Almost all Chinese economists embrace Adam Smith’s “invisible hand” and
its modern representative like Milton Friedman, every leader in all level of
governments is trained by the Smith’s dogma. In fact, it’s Adam Smith not
Karl Marx who is the real hierophant. Hence they believe in market economy and
free trade unconditionally. With no exception, the media, reporters and editors
are all the embracers of Smith’s dogma, them seldom know that protectionism
rather than free trade is the secret prescription of development of America,
German, France, Japan, even the Great Britain. In their eyes, protectionism is
equivalent to “close the door”.
It’s very
interesting that under the surface of rejecting the western model China learn
every thing from America with the reform and opening up policy. America
sparkplug neoliberalism, then neoliberalism become fashion in China; Nasdaq
upswings, the second board stock market become the top topic of China’s
capital market; American communication industry opens to competition, China’s
communication industry become eager to be dismantled. This kind of thinking
model plays an important role in persuading the public.
The fourth
point I would like to point out is that things are changing.
With the
explosion of Asian financial crisis, with the rapid growth of unemployed
population and the deterioration of the countryside, with more state-owned
enterprises went bankrupt, public emotion against market-oriented reform
strengthened. In economic academia, critique to IMF and Washington consensus
from several American economists such as Joseph Stiglitz and Paul Krugman
brought influence evidently. The translation of “ globalization trap: attack
on democracy and welfare” written by two German reporters gave a shock to
intellectuals both inside and outside economics academia. It suffice to say that
anti-neoliberalism forces are developing quickly.
Since the
first half of 1999, I have written many papers criticizing the policy of
accession to WTO and the related treaties. My book “ Collision: Globalization
trap and China’s reality choice” was finished at July 15, 1999, and was
published at January 2000. Though I fell under all kinds of pressures and
difficulties, I do gain more support from broad bases. To my surprise, China’s
central policy research institute published long summary of my book, and the
journal “International Trade” belonging to Ministry of Foreign Trade and
economic Cooperation published my article “thinking of anti-globalization”.

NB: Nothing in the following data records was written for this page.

(* Let $\mu_t(s,a)=\mathbb P_{\pi^{\mathrm{expl}}}(s_t=s,\ a_t=a)$ for $t\in[T]$, $(s,a)\in\mathcal S\times\mathcal A$. Suppose that for every $(s,a)$ there is some $t$ with $\mu_t(s,a)>0$. Then the covering length $L$ satisfies $$\frac{\log 2}{2\min_{(s,a)\in\mathcal S\times\mathcal A}\sum_{t\in[T]}\mu_t(s,a)}\ \le\ L\ \le\ \left\lceil\frac{\log(2SA)}{\min_{(s,a)\in\mathcal S\times\mathcal A}\max_{t\in[T]}\mu_t(s,a)}\right\rceil .$$
   Context: Deterministic finite-horizon MDP $\mathcal M=(\mathcal S,\mathcal A,T,s_1,f,R)$ with finite state set of size $S=|\mathcal S|$ and action set of size $A=|\mathcal A|$, start state $s_1$, transitions $s_{t+1}=f(s_t,a_t)$, steps $t\in[T]$. $\pi^{\mathrm{expl}}$ is a fixed exploration policy (maps $\pi^{\mathrm{expl}}_t:\mathcal S\to\Delta(\mathcal A)$), and $\mathbb P_{\pi^{\mathrm{expl}}}$ is the law of an episode from $s_1$ following it. The covering length $L$ is the least number of independent episodes run with $\pi^{\mathrm{expl}}$ such that, with probability at least $1/2$, every pair $(s,a)\in\mathcal S\times\mathcal A$ is visited (at some step of some episode). *)

theory Defs
  imports "HOL-Probability.Probability"
begin

text \<open>Law of an episode of the deterministic MDP with transition map f, following the
(step-dependent, randomized) policy pol, from step t onwards for n remaining steps, starting at s.\<close>
fun episode_from :: "(nat \<Rightarrow> 's \<Rightarrow> 'a pmf) \<Rightarrow> ('s \<Rightarrow> 'a \<Rightarrow> 's) \<Rightarrow> nat \<Rightarrow> nat \<Rightarrow> 's \<Rightarrow> ('s \<times> 'a) list pmf" where
  "episode_from pol f t 0 s = return_pmf []"
| "episode_from pol f t (Suc n) s =
     bind_pmf (pol t s) (\<lambda>a. bind_pmf (episode_from pol f (Suc t) n (f s a)) (\<lambda>rest. return_pmf ((s, a) # rest)))"

text \<open>Full episode over steps 1..T from start state s1; the list entry with index t-1 is (s_t,a_t).\<close>
definition episode :: "(nat \<Rightarrow> 's \<Rightarrow> 'a pmf) \<Rightarrow> ('s \<Rightarrow> 'a \<Rightarrow> 's) \<Rightarrow> nat \<Rightarrow> 's \<Rightarrow> ('s \<times> 'a) list pmf" where
  "episode pol f T s1 = episode_from pol f 1 T s1"

definition occupancy :: "(nat \<Rightarrow> 's \<Rightarrow> 'a pmf) \<Rightarrow> ('s \<Rightarrow> 'a \<Rightarrow> 's) \<Rightarrow> nat \<Rightarrow> 's \<Rightarrow> nat \<Rightarrow> 's \<Rightarrow> 'a \<Rightarrow> real" where
  "occupancy pol f T s1 t s a = measure_pmf.prob (episode pol f T s1) {\<tau>. \<tau> ! (t - 1) = (s, a)}"

fun iid_pmf :: "'b pmf \<Rightarrow> nat \<Rightarrow> 'b list pmf" where
  "iid_pmf p 0 = return_pmf []"
| "iid_pmf p (Suc n) = bind_pmf p (\<lambda>x. bind_pmf (iid_pmf p n) (\<lambda>xs. return_pmf (x # xs)))"

definition covers :: "('s \<times> 'a) list list \<Rightarrow> bool" where
  "covers taus \<longleftrightarrow> (\<forall>sa. \<exists>\<tau>\<in>set taus. sa \<in> set \<tau>)"

definition covering_length :: "(nat \<Rightarrow> 's \<Rightarrow> 'a pmf) \<Rightarrow> ('s \<Rightarrow> 'a \<Rightarrow> 's) \<Rightarrow> nat \<Rightarrow> 's \<Rightarrow> nat" where
  "covering_length pol f T s1 =
     (LEAST n. measure_pmf.prob (iid_pmf (episode pol f T s1) n) {taus. covers taus} \<ge> 1 / 2)"

end

theory Submission
  imports Defs
begin

text \<open>Write \<open>p(s,a)\<close> for the probability that a single episode visits \<open>(s,a)\<close>. It lies between
  \<open>max\<^sub>t \<mu>\<^sub>t(s,a)\<close> and \<open>\<Sum>\<^sub>t \<mu>\<^sub>t(s,a)\<close>, and \<open>n\<close> independent episodes all miss \<open>(s,a)\<close> with probability
  \<open>(1 - p(s,a))\<^sup>n\<close>. A union bound over the \<open>SA\<close> pairs gives coverage with probability at least
  \<open>1 - SA (1 - q)\<^sup>n \<ge> 1 - SA e\<^sup>-\<^sup>q\<^sup>n\<close> for \<open>q = min max\<^sub>t \<mu>\<^sub>t\<close>, which is at least \<open>1/2\<close> once
  \<open>n \<ge> log(2SA)/q\<close>. Conversely, coverage with probability \<open>1/2\<close> forces \<open>(1 - p)\<^sup>L \<le> 1/2\<close> for
  every pair, and \<open>ln (1 - p) \<ge> -2p\<close> for \<open>p \<le> 1/2\<close> turns this into \<open>L \<ge> log 2 / (2p)\<close>.\<close>

lemma prob_iid_pmf_all:
  "measure_pmf.prob (iid_pmf p n) {xs. \<forall>x\<in>set xs. Q x} = measure_pmf.prob p {x. Q x} ^ n"
proof -
  have "emeasure (iid_pmf p n) {xs. \<forall>x\<in>set xs. Q x} = emeasure (measure_pmf p) {x. Q x} ^ n"
  proof (induction n)
    case 0
    then show ?case by simp
  next
    case (Suc n)
    have "\<And>x xs. indicator {xs. \<forall>x\<in>set xs. Q x} (x # xs)
        = (indicator {x. Q x} x * indicator {xs. \<forall>x\<in>set xs. Q x} xs :: ennreal)"
      by (simp add: indicator_def)
    then have "emeasure (iid_pmf p (Suc n)) {xs. \<forall>x\<in>set xs. Q x}
        = (\<integral>\<^sup>+x. indicator {x. Q x} x * emeasure (iid_pmf p n) {xs. \<forall>x\<in>set xs. Q x} \<partial>p)"
      by (simp add: nn_integral_cmult)
    also have "\<dots> = emeasure (measure_pmf p) {x. Q x} ^ Suc n"
      by (simp add: nn_integral_multc Suc.IH)
    finally show ?case .
  qed
  then show ?thesis
    by (simp add: measure_pmf.emeasure_eq_measure ennreal_power)
qed

lemma prob_Collect_not:
  "measure_pmf.prob p {x. \<not> P x} = 1 - measure_pmf.prob p {x. P x}"
proof -
  have "{x. \<not> P x} = space (measure_pmf p) - {x. P x}" by auto
  then show ?thesis by (simp only: measure_pmf.prob_compl sets_measure_pmf UNIV_I)
qed
(* In multihop Peg Duotaire, for every integer $n\ge 1$, the position $1^n$ (a block of $n$ consecutive pegs) has nim-value $0$ if $n\equiv 0$ or $1 \pmod 4$, and nim-value $1$ if $n\equiv 2$ or $3\pmod 4$.
   Context: Peg Duotaire is an impartial two-player game played on the infinite line of sites indexed by $\mathbb{Z}$, each site holding a peg or being a hole, with finitely many pegs. A word $w\in\{0,1\}^*$ denotes the position in which $w$ is written on consecutive sites ($1$ = peg, $0$ = hole) and all other sites are holes. A hop: for a peg at site $i$, a peg at site $i+d$ and a hole at site $i+2d$ ($d=\pm1$), move the peg from $i$ to $i+2d$ and remove the peg at $i+d$. In the multihop version, a move is a sequence of one or more hops all performed by the same peg. Players alternate moves; a player unable to move loses. The nim-value of a position is the least nonnegative integer not among the nim-values of positions reachable in one move. *)

theory Defs
  imports Main
begin

text \<open>A position is the (finite) set of sites holding a peg.\<close>
type_synonym position = "int set"

definition hop_result :: "position \<Rightarrow> int \<Rightarrow> int \<Rightarrow> position" where
  "hop_result P i d = (P - {i, i + d}) \<union> {i + 2 * d}"

definition can_hop :: "position \<Rightarrow> int \<Rightarrow> int \<Rightarrow> bool" where
  "can_hop P i d \<longleftrightarrow> (d = 1 \<or> d = -1) \<and> i \<in> P \<and> i + d \<in> P \<and> i + 2 * d \<notin> P"

inductive multihop :: "position \<Rightarrow> int \<Rightarrow> position \<Rightarrow> int \<Rightarrow> bool" where
  first: "can_hop P j d \<Longrightarrow> multihop P j (hop_result P j d) (j + 2 * d)"
| more: "multihop P j Q k \<Longrightarrow> can_hop Q k d \<Longrightarrow> multihop P j (hop_result Q k d) (k + 2 * d)"

definition move :: "position \<Rightarrow> position \<Rightarrow> bool" where
  "move P Q \<longleftrightarrow> (\<exists>j k. multihop P j Q k)"

definition mex :: "nat set \<Rightarrow> nat" where
  "mex S = (LEAST m. m \<notin> S)"

text \<open>Nim-value computed with a fuel parameter; every move removes at least one peg,
  so fuel = number of pegs suffices for a finite position.\<close>
fun nimv :: "nat \<Rightarrow> position \<Rightarrow> nat" where
  "nimv 0 P = 0"
| "nimv (Suc n) P = mex (nimv n ` {Q. move P Q})"

definition nim_value :: "position \<Rightarrow> nat" where
  "nim_value P = nimv (card P) P"

definition ones :: "nat \<Rightarrow> position" where
  "ones n = {0..<int n}"

end

theory Submission
  imports Defs
begin

text \<open>Consider a block of \<open>m\<close> consecutive pegs flanked on both sides by pegs that are
  pairwise non-adjacent and separated from the block by at least two holes. The only possible
  hops are the second peg of the block jumping outward over the first one, or the penultimate
  peg over the last one; the jumping peg lands isolated, so it cannot continue. Hence every
  move is a single hop that shortens the block by two and preserves this shape, all options
  of such a position have the same nim-value, and by induction the nim-value is
  \<open>(m div 2) mod 2\<close>. The position \<open>1\<^sup>n\<close> is the case without flanking pegs.\<close>

definition block_pos :: "int set \<Rightarrow> int \<Rightarrow> nat \<Rightarrow> int set \<Rightarrow> position" where
  "block_pos A s m B = A \<union> {s..<s + int m} \<union> B"

definition block_config :: "int set \<Rightarrow> int \<Rightarrow> nat \<Rightarrow> int set \<Rightarrow> bool" where
  "block_config A s m B \<longleftrightarrow>
     (\<forall>x\<in>A. x \<le> s - 3 \<and> x + 1 \<notin> A) \<and> (\<forall>x\<in>B. s + int m + 2 \<le> x \<and> x + 1 \<notin> B)"

lemma block_pos_adjacent_pegs:
  assumes "block_config A s m B" "x \<in> block_pos A s m B" "x + 1 \<in> block_pos A s m B"
  shows "s \<le> x \<and> x + 1 < s + int m"
  using assms unfolding block_config_def block_pos_def by fastforce

lemma can_hop_block_pos_iff:
  assumes "block_config A s m B"
  shows "can_hop (block_pos A s m B) i d \<longleftrightarrow>
           2 \<le> m \<and> (i = s + 1 \<and> d = -1 \<or> i = s + int m - 2 \<and> d = 1)"
proof
  assume "can_hop (block_pos A s m B) i d"
  then consider "d = 1" "s \<le> i" "i + 1 < s + int m" "i + 2 \<notin> block_pos A s m B"
    | "d = -1" "s \<le> i - 1" "i < s + int m" "i - 2 \<notin> block_pos A s m B"
    using block_pos_adjacent_pegs[OF assms, of i] block_pos_adjacent_pegs[OF assms, of "i - 1"]
    unfolding can_hop_def by fastforce
  then show "2 \<le> m \<and> (i = s + 1 \<and> d = -1 \<or> i = s + int m - 2 \<and> d = 1)"
    by cases (auto simp: block_pos_def)
next
  assume "2 \<le> m \<and> (i = s + 1 \<and> d = -1 \<or> i = s + int m - 2 \<and> d = 1)"
  then show "can_hop (block_pos A s m B) i d"
    using assms unfolding block_config_def block_pos_def can_hop_def by auto
qed

lemma hop_result_block_pos_left:
  assumes "block_config A s m B" "2 \<le> m"
  shows "hop_result (block_pos A s m B) (s + 1) (-1) =
           block_pos (insert (s - 1) A) (s + 2) (m - 2) B"
  using assms unfolding block_config_def block_pos_def hop_result_def by (auto simp: of_nat_diff)

lemma hop_result_block_pos_right:
  assumes "block_config A s m B" "2 \<le> m"
  shows "hop_result (block_pos A s m B) (s + int m - 2) 1 =
           block_pos A s (m - 2) (insert (s + int m) B)"
  using assms unfolding block_config_def block_pos_def hop_result_def by (auto simp: of_nat_diff)

lemma block_config_left:
  "block_config A s m B \<Longrightarrow> 2 \<le> m \<Longrightarrow> block_config (insert (s - 1) A) (s + 2) (m - 2) B"
  unfolding block_config_def by (auto simp: of_nat_diff)

lemma block_config_right:
  "block_config A s m B \<Longrightarrow> 2 \<le> m \<Longrightarrow> block_config A s (m - 2) (insert (s + int m) B)"
  unfolding block_config_def by (auto simp: of_nat_diff)

lemma multihop_block_pos:
  assumes "multihop P j Q k" "P = block_pos A s m B" "block_config A s m B"
  shows "2 \<le> m \<and>
    (Q = block_pos (insert (s - 1) A) (s + 2) (m - 2) B \<and> k = s - 1 \<or>
     Q = block_pos A s (m - 2) (insert (s + int m) B) \<and> k = s + int m)"
  using assms
proof (induction rule: multihop.induct)
  case (first P j d)
  then have "2 \<le> m" and "j = s + 1 \<and> d = -1 \<or> j = s + int m - 2 \<and> d = 1"
    using can_hop_block_pos_iff by blast+
  then show ?case
    using first hop_result_block_pos_left hop_result_block_pos_right by auto
next
  case (more P j Q k d)
  from more.IH more.prems have m: "2 \<le> m" and
    "Q = block_pos (insert (s - 1) A) (s + 2) (m - 2) B \<and> k = s - 1 \<or>
     Q = block_pos A s (m - 2) (insert (s + int m) B) \<and> k = s + int m"
    by auto
  then have False
    using \<open>can_hop Q k d\<close> can_hop_block_pos_iff block_config_left[OF more.prems(2) m]
      block_config_right[OF more.prems(2) m]
    by (fastforce simp: of_nat_diff)
  then show ?case ..
qed

lemma moves_block_pos:
  assumes "block_config A s m B"
  shows "{Q. move (block_pos A s m B) Q} =
    (if 2 \<le> m then {block_pos (insert (s - 1) A) (s + 2) (m - 2) B,
                     block_pos A s (m - 2) (insert (s + int m) B)}
     else {})"
proof -
  have "multihop (block_pos A s m B) (s + 1)
      (block_pos (insert (s - 1) A) (s + 2) (m - 2) B) (s - 1)" if "2 \<le> m"
    using multihop.first[of "block_pos A s m B" "s + 1" "-1"] that assms
      can_hop_block_pos_iff hop_result_block_pos_left by simp
  moreover have "multihop (block_pos A s m B) (s + int m - 2)
      (block_pos A s (m - 2) (insert (s + int m) B)) (s + int m)" if "2 \<le> m"
    using multihop.first[of "block_pos A s m B" "s + int m - 2" 1] that assms
      can_hop_block_pos_iff hop_result_block_pos_right by simp
  ultimately show ?thesis
    using multihop_block_pos[OF _ refl assms] unfolding move_def by fastforce
qed

lemma mex_empty: "mex {} = 0"
  by (simp add: mex_def)

lemma mex_singleton: "mex {v} = (if v = 0 then 1 else 0)"
  unfolding mex_def by (rule Least_equality) auto

lemma nimv_block_pos:
  "block_config A s m B \<Longrightarrow> m div 2 \<le> k \<Longrightarrow> nimv k (block_pos A s m B) = (m div 2) mod 2"
proof (induction k arbitrary: A s m B)
  case 0
  then show ?case by simp
next
  case (Suc k)
  show ?case
  proof (cases "2 \<le> m")
    case False
    then have "{Q. move (block_pos A s m B) Q} = {}"
      using moves_block_pos[OF Suc.prems(1)] by simp
    then show ?thesis using False by (simp only: nimv.simps image_empty mex_empty)
  next
    case True
    have "(m - 2) div 2 \<le> k" and "(m - 2) div 2 = m div 2 - 1"
      using Suc.prems(2) True by (auto simp: div_if)
    then have "nimv k (block_pos (insert (s - 1) A) (s + 2) (m - 2) B) = (m div 2 - 1) mod 2"
      and "nimv k (block_pos A s (m - 2) (insert (s + int m) B)) = (m div 2 - 1) mod 2"
      using Suc.IH block_config_left[OF Suc.prems(1) True]
        block_config_right[OF Suc.prems(1) True] by simp_all
    then have "nimv (Suc k) (block_pos A s m B) = mex {(m div 2 - 1) mod 2}"
      using moves_block_pos[OF Suc.prems(1)] True by simp
    also have "\<dots> = (m div 2) mod 2"
      using True by (simp add: mex_singleton) presburger
    finally show ?thesis .
  qed
qed

theorem mainTheorem7:
  fixes n :: nat
  assumes "n \<ge> 1"
  shows "nim_value (ones n) = (if n mod 4 = 0 \<or> n mod 4 = 1 then 0 else 1)"
proof -
  have "nim_value (ones n) = nimv n (block_pos {} 0 n {})"
    by (simp add: nim_value_def ones_def block_pos_def)
  also have "\<dots> = (n div 2) mod 2"
    by (rule nimv_block_pos) (simp_all add: block_config_def)
  finally show ?thesis by presburger
qed

end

In addition, dozen of magazines gave abstract of and made comments on my view. I
was invited to attend different kinds of seminars or give lectures. At the
beginning of every lecture, I was in the minority, and when I finished speech, I
became one of the majority.
It’s evident that the Chinese economic academia has been split. Those neoliberalist scholars still command the majority, but have lost their arrogance, while anti-neoliberalist scholars are the minority but are now more confident and encouraged with the justice on their side. I think it might fit in the Chinese proverb “moral isn’t alone, it must have neighbors”, therefore I could come here and introduce my opinion. I believe deeply that democratic forces all over the world must oppose neoliberalism and make it illegal because it promotes polarization, tragedies, and disasters in every front and in every corner of the world.